Два раза они переглянулись в вагоне метро.
Пока они ехали под землей, Марданов корил себя за то, что не подошел к ней между остановкой троллейбуса и станцией метро, и настраивался непременно предпринять что-нибудь ("А ведь и предпринимать-то ничего особенного не надо, - уверял он себя, - все, собственно, готово, надо подойти только и сказать что-нибудь не очень глупое"), как только снова выберутся на поверхность.
И только тогда он понял, что не побороть ему своей трусости, когда они ввалились в подъезд первого же после метро дома. В дверях она повернулась и помахала рукой застывшей на углу фигуре. Теперь уже решительно можно было головой поручиться, что она махала ему - вокруг не было ни души. И поэтому, возвращаясь на телеграф, Марданов был радостный и возбужденный.
Здесь все было так же, как каждый вечер: люди писали, получали, звонили, отправляли. Некоторых из тех, кто стоял перед входом, Марданов уже знал, с двумя земляками поздоровался.
Поразмыслив немного, он решил отправить Рахманбекову поздравительную телеграмму по случаю дня рождения. Прикинул текст, и получилось, что выгодней фототелеграмму, тем более, что подходящих бланков не было, все больше аляповатые, а в портфеле лежала ручка с пером для туши и сама тушь.

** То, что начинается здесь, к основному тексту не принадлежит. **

lemma SL_space_clopen_spatial_trace_ClopBi:
  assumes S: "SL_space T le"
    and W: "closedin (spatial_topology T le) W" "openin (spatial_topology T le) W"
  obtains C where "C \<in> ClopBi T le" "W = C \<inter> spatial_part T le"
proof -
  let ?Y = "spatial_part T le"
  have L: "L_space T le" and dense: "T closure_of ?Y = topspace T"
    using S unfolding SL_space_def by auto
  have "openin (spatial_topology T le) (?Y - W)"
    using W(1) unfolding closedin_def topspace_spatial_topology by blast
  obtain G1 where G1: "openin T G1" "is_upset T le G1" "W = G1 \<inter> ?Y"
    using openin_spatial_topology_open_upset_trace[OF W(2)] .
  obtain G2 where G2: "openin T G2" "is_upset T le G2" "?Y - W = G2 \<inter> ?Y"
    using openin_spatial_topology_open_upset_trace[OF \<open>openin _ (?Y - W)\<close>] .
  define C1 where "C1 = T closure_of G1"
  define C2 where "C2 = T closure_of G2"
  have C1: "C1 \<in> ClopUp T le" and C2: "C2 \<in> ClopUp T le"
    unfolding C1_def C2_def using L_space_closure_of_open_upset L G1 G2 by blast+
  then have C1_clopen: "openin T C1" "closedin T C1" and C2_clopen: "openin T C2" "closedin T C2"
    unfolding ClopUp_def clopen_in_def by auto
  have G1_C1: "G1 \<subseteq> C1" and G2_C2: "G2 \<subseteq> C2"
    unfolding C1_def C2_def using G1(1) G2(1) by (simp_all add: closure_of_subset openin_subset)
  have "G1 \<inter> G2 \<subseteq> {}"
  proof (rule dense_openin_subset_closedin[OF dense])
    show "openin T (G1 \<inter> G2)"
      using G1(1) G2(1) by (rule openin_Int)
    show "G1 \<inter> G2 \<inter> ?Y \<subseteq> {}"
      using G1(3) G2(3) by blast
  qed simp
  then have "G2 \<inter> C1 = {}"
    unfolding C1_def using openin_Int_closure_of_eq_empty[OF G2(1)] by blast
  then have disj: "C1 \<inter> C2 = {}"
    unfolding C2_def using openin_Int_closure_of_eq_empty[OF C1_clopen(1)] by blast
  have "?Y \<subseteq> C1 \<union> C2"
    using G1(3) G2(3) G1_C1 G2_C2 by blast
  then have "topspace T \<subseteq> C1 \<union> C2"
    using closure_of_minimal[of ?Y "C1 \<union> C2" T] C1_clopen(2) C2_clopen(2) dense by auto
  then have "C1 = topspace T - C2"
    using disj openin_subset[OF C1_clopen(1)] by blast
  then have "is_downset T le C1"
    using C2 is_downset_complement by (auto simp: ClopUp_def)
  then have "C1 \<in> ClopBi T le"
    using C1 unfolding ClopBi_def ClopUp_def by auto
  moreover have "W = C1 \<inter> ?Y"
    using G1(3) G2(3) G1_C1 G2_C2 disj by blast
  ultimately show ?thesis
    using that by blast
qed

Все время, пока раздумывал о телеграмме и писал ее, Марданова не оставляли радость и волнение, сопутствующие неясному, но неотступному ощущению необычности вечера. И хотя пузырек с тушью опрокинулся совершенно неожиданно для него, как бы сам собой, и в любой другой день его жизни подобное происшествие смутило бы его крайне (потому что, опрокинувшись, тушь залила весь стол, телеграмму, телеграммы других людей и, как выяснилось чуть позже, чулки высокой молодой женщины, сидевшей справа от Марданова), он воспринял это поразительно легко. Конечно, ему было неловко перед пострадавшими, особенно перед женщиной, но с самого своего начала вечер обещал быть необычным, и Марданов был готов ко всему.
Ворчали все, и перед всеми Марданов извинялся, но особо внимательным он был к единственной среди пострадавших женщине, владелице подпорченных чулок, однако и пострадала она больше других; в этом Марданов убедился после того, как она предоставила ему такую возможность, сунув под нос ногу с чулком, - она поднесла ногу прямо к его лицу, благо и задирать ее пришлось не очень высоко, учитывая рост Марданова, и попросила полюбоваться плодами своей работы.

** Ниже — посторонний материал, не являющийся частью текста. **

text \<open>Opial's argument: two cluster points \<open>A\<^sub>1, A\<^sub>2\<close> are minimizers, so \<open>\<langle>z, A\<^sub>1 - A\<^sub>2\<rangle>\<close> converges,
  and its limit equals both \<open>\<langle>A\<^sub>1, A\<^sub>1 - A\<^sub>2\<rangle>\<close> and \<open>\<langle>A\<^sub>2, A\<^sub>1 - A\<^sub>2\<rangle>\<close>.\<close>

lemma convex_cluster_points_eq:
  assumes t1: "filterlim t1 at_top sequentially" and A1: "convex_cluster_point (\<lambda>n. z (t1 n)) A1"
    and t2: "filterlim t2 at_top sequentially" and A2: "convex_cluster_point (\<lambda>n. z (t2 n)) A2"
  shows "A1 = A2"
proof -
  obtain l where l: "((\<lambda>t. z t \<bullet> (A1 - A2)) \<longlongrightarrow> l) at_top"
    using inner_minimizer_diff_convergent[OF convex_cluster_point_minimizer[OF t1 A1]
        convex_cluster_point_minimizer[OF t2 A2]] ..
  have "A1 \<bullet> (A1 - A2) = l" "A2 \<bullet> (A1 - A2) = l"
    using convex_cluster_point_inner_limit[OF A1 filterlim_compose[OF l t1]]
      convex_cluster_point_inner_limit[OF A2 filterlim_compose[OF l t2]] by simp_all
  then have "(A1 - A2) \<bullet> (A1 - A2) = 0" by (simp add: inner_diff_left)
  then show ?thesis by simp
qed

lemma weakly_tendsto_minimizer: "\<exists>A\<in>argmin_set f. weakly_tendsto_at_top z A"
proof -
  define t1 where "t1 n = t0 + real n" for n
  have t1: "filterlim t1 at_top sequentially"
    unfolding t1_def by (rule filterlim_tendsto_add_at_top[OF tendsto_const filterlim_real_sequentially])
  obtain A where A: "convex_cluster_point (\<lambda>n. z (t1 n)) A"
    using ex_convex_cluster_point[of t1] by (auto simp: t1_def)
  have upper: "eventually (\<lambda>t. (z t - A) \<bullet> w < e) at_top" if "e > 0" for w e
  proof (rule ccontr)
    assume "\<not> eventually (\<lambda>t. (z t - A) \<bullet> w < e) at_top"
    then have "\<exists>t\<ge>N. e \<le> (z t - A) \<bullet> w" for N
      by (auto simp: eventually_at_top_linorder not_less)
    then have "\<forall>n. \<exists>t\<ge>max t0 (real n). e \<le> (z t - A) \<bullet> w" by blast
    then obtain t2 where t2: "\<And>n. t2 n \<ge> max t0 (real n)" "\<And>n. e \<le> (z (t2 n) - A) \<bullet> w"
      by metis
    have t2_lim: "filterlim t2 at_top sequentially"
      by (rule filterlim_at_top_mono[OF filterlim_real_sequentially]) (use t2 in auto)
    obtain A2 where A2: "convex_cluster_point (\<lambda>n. z (t2 n)) A2"
      using ex_convex_cluster_point[of t2] t2(1) by fastforce
    have "(z (t2 n) - A) \<bullet> w = w \<bullet> z (t2 n) - A \<bullet> w" for n
      by (metis inner_commute inner_diff_left)
    then have "e + A \<bullet> w \<le> w \<bullet> z (t2 n)" for n
      using t2(2)[of n] by simp
    then have "eventually (\<lambda>n. z (t2 n) \<in> {v. w \<bullet> v \<ge> e + A \<bullet> w}) sequentially"
      by (simp add: always_eventually)
    then have "A2 \<in> {v. w \<bullet> v \<ge> e + A \<bullet> w}"
      by (rule A2[unfolded convex_cluster_point_def, rule_format,
            OF closed_halfspace_ge convex_halfspace_ge])
    moreover have "A2 = A" by (rule convex_cluster_points_eq[OF t2_lim A2 t1 A])
    ultimately show False using \<open>e > 0\<close> by (simp add: inner_commute)
  qed
  have "((\<lambda>t. z t \<bullet> w) \<longlongrightarrow> A \<bullet> w) at_top" for w
  proof (rule tendstoI)
    fix e :: real assume "e > 0"
    from upper[OF this, of w] upper[OF this, of "- w"]
    show "eventually (\<lambda>t. dist (z t \<bullet> w) (A \<bullet> w) < e) at_top"
      by eventually_elim (simp add: dist_real_def inner_diff_left abs_less_iff)
  qed
  then show ?thesis
    using convex_cluster_point_minimizer[OF t1 A] unfolding weakly_tendsto_at_top_def by blast
qed

end

section \<open>Averaging the rescaled gradient flow\<close>

locale averaged_rescaled_gradient_flow = rescaled_gradient_flow +
  fixes x x' :: "real \<Rightarrow> 'a::{real_inner,complete_space}"
  assumes tau_pos: "\<And>t. t \<ge> t0 \<Longrightarrow> \<tau> t > 0"
    and x_deriv: "\<And>t. t \<ge> t0 \<Longrightarrow> (x has_vector_derivative x' t) (at t within {t0..})"
    and averaging: "\<And>t. t \<ge> t0 \<Longrightarrow> \<tau> t *\<^sub>R x' t = \<tau>' t *\<^sub>R (z t - x t)"
begin

lemma has_vector_derivative_tau_x:
  assumes "t \<ge> t0"
  shows "((\<lambda>s. \<tau> s *\<^sub>R x s) has_vector_derivative \<tau>' t *\<^sub>R z t) (at t within {t0..})"
proof -
  have "((\<lambda>s. \<tau> s *\<^sub>R x s) has_vector_derivative \<tau> t *\<^sub>R x' t + \<tau>' t *\<^sub>R x t) (at t within {t0..})"
    by (rule has_vector_derivative_scaleR[OF tau_deriv[OF assms] x_deriv[OF assms]])
  then show ?thesis by (simp add: averaging[OF assms] algebra_simps)
qed

text \<open>By convexity \<open>(\<tau> (f(x) - min f))' = \<tau>' (f(x) + \<langle>\<nabla>f(x), z - x\<rangle> - min f) \<le> \<tau>' (f(z) - min f)\<close>,
  which is eventually below \<open>\<epsilon> \<tau>'/\<tau> = \<epsilon> (ln \<tau>)'\<close>.\<close>

lemma eventually_tau_gap_le_ln:
  assumes "\<epsilon> > 0"
  shows "eventually (\<lambda>t. \<tau> t * (f (x t) - Inf (range f)) \<le> \<epsilon> * ln (\<tau> t)) at_top"
proof -
  obtain N where N: "\<And>t. t \<ge> N \<Longrightarrow> \<tau> t * (f (z t) - Inf (range f)) < \<epsilon> / 2"
    using eventually_tau_gap_less[of "\<epsilon> / 2"] \<open>\<epsilon> > 0\<close> by (auto simp: eventually_at_top_linorder)
  define T where "T = max N t0"
  define F where "F u = \<tau> u * (f (x u) - Inf (range f))" for u
  define G where "G u = (\<epsilon> / 2) * ln (\<tau> u)" for u
  have F_le: "F t - F T \<le> G t - G T" if "T \<le> t" for t
  proof (rule DERIV_within_le_imp_increment_le[OF _ that,
        where F'="\<lambda>u. \<tau>' u * (f (x u) - Inf (range f)) + \<tau> u * (gradf (x u) \<bullet> x' u)"
          and G'="\<lambda>u. (\<epsilon> / 2) * (1 / \<tau> u * \<tau>' u)"])
    fix u assume "T \<le> u" "u \<le> t"
    then have u: "t0 \<le> u" "N \<le> u" by (auto simp: T_def)
    show "(F has_real_derivative \<tau>' u * (f (x u) - Inf (range f)) + \<tau> u * (gradf (x u) \<bullet> x' u))
        (at u within {t0..})"
      unfolding F_def[abs_def]
      using DERIV_mult[OF tau_deriv[OF u(1)]
          DERIV_diff[OF has_real_derivative_comp_gradient[OF x_deriv[OF u(1)] gradient] DERIV_const]]
      by (simp add: mult.commute)
    show "(G has_real_derivative (\<epsilon> / 2) * (1 / \<tau> u * \<tau>' u)) (at u within {t0..})"
      unfolding G_def[abs_def]
      by (rule DERIV_cmult[OF DERIV_chain2[OF DERIV_ln_divide[OF tau_pos[OF u(1)]] tau_deriv[OF u(1)]]])
    have pos: "\<tau> u > 0" "\<tau>' u > 0" using tau_pos tau'_pos u by auto
    have "\<tau> u * (gradf (x u) \<bullet> x' u) = \<tau>' u * (gradf (x u) \<bullet> (z u - x u))"
      using arg_cong[OF averaging[OF u(1)], of "inner (gradf (x u))"] by simp
    then have "\<tau>' u * (f (x u) - Inf (range f)) + \<tau> u * (gradf (x u) \<bullet> x' u)
        = \<tau>' u * (f (x u) + gradf (x u) \<bullet> (z u - x u) - Inf (range f))"
      by (simp add: algebra_simps)
    also have "\<dots> \<le> \<tau>' u * (f (z u) - Inf (range f))"
      using gradient_inequality pos by (intro mult_left_mono) auto
    also have "\<dots> \<le> \<tau>' u * ((\<epsilon> / 2) / \<tau> u)"
      using N[OF u(2)] pos by (intro mult_left_mono) (auto simp: field_simps)
    finally show "\<tau>' u * (f (x u) - Inf (range f)) + \<tau> u * (gradf (x u) \<bullet> x' u)
        \<le> (\<epsilon> / 2) * (1 / \<tau> u * \<tau>' u)" by (simp add: ac_simps)
  qed (simp add: T_def)
  have "filterlim (\<lambda>t. ln (\<tau> t)) at_top at_top"
    by (rule filterlim_compose[OF ln_at_top tau_at_top])
  then have "eventually (\<lambda>t. ln (\<tau> t) \<ge> (2 / \<epsilon>) * (F T - G T)) at_top"
    by (simp add: filterlim_at_top)
  then show ?thesis using eventually_ge_at_top[of T]
  proof eventually_elim
    case (elim t)
    have "F t \<le> G t + (F T - G T)" using F_le[OF elim(2)] by simp
    also have "F T - G T \<le> (\<epsilon> / 2) * ln (\<tau> t)" using elim(1) \<open>\<epsilon> > 0\<close> by (simp add: field_simps)
    finally show ?case by (simp add: F_def G_def)
  qed
qed

lemma gap_smallo_ln_tau: "(\<lambda>t. f (x t) - Inf (range f)) \<in> o(\<lambda>t. ln (\<tau> t) / \<tau> t)"
proof (rule landau_o.smallI)
  fix c :: real assume "c > 0"
  have "eventually (\<lambda>t. \<tau> t > 1) at_top" using tau_at_top by (simp add: filterlim_at_top_dense)
  then show "eventually (\<lambda>t. norm (f (x t) - Inf (range f)) \<le> c * norm (ln (\<tau> t) / \<tau> t)) at_top"
    using eventually_tau_gap_le_ln[OF \<open>c > 0\<close>]
  proof eventually_elim
    case (elim t)
    then have "\<tau> t > 0" "ln (\<tau> t) > 0" by auto
    moreover have "f (x t) - Inf (range f) \<le> c * (ln (\<tau> t) / \<tau> t)"
      using elim(2) \<open>\<tau> t > 0\<close> by (simp add: field_simps)
    ultimately show ?case using Inf_range_le[of "x t"] by simp
  qed
qed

- Простите, пожалуйста, - сказал Марданов. - Я нечаянно... Она сама... Я не хотел...
Но женщину меньше всего интересовали объяснения и извинения Марданова, она резко повернулась к нему спиной и, невнятно бормоча ругательства, принялась оттирать чулок. Чрезмерная энергичность женщины, ее неинтеллигентность и даже хамоватость поубавили желание Марданова знакомиться с ней, но, справедливости ради, он должен был признать, что она довольно хороша собой, хотя и очень высока ростом.
Пока Марданов вытирал стол, выбрасывал в урну грязную бумагу, ходил за чистым бланком телеграммы, все, кто имел какое-то отношение к инциденту, а также многочисленные зрители разошлись. Только женщина (то она выглядела на все тридцать пять, то гораздо моложе) продолжала поплевывать на чулок и тереть его платком. Марданов переписывал телеграмму и краем уха прислушивался к ее воркотне.
- Понаехали отовсюду, - говорила она, впрочем уже без прежней злобы. - Ни умения, ни обхождения, ни совести, других и за людей не считают. Толкаются, цепляются. Ну, что теперь делать? Хоть выброси... С портфелями ходят...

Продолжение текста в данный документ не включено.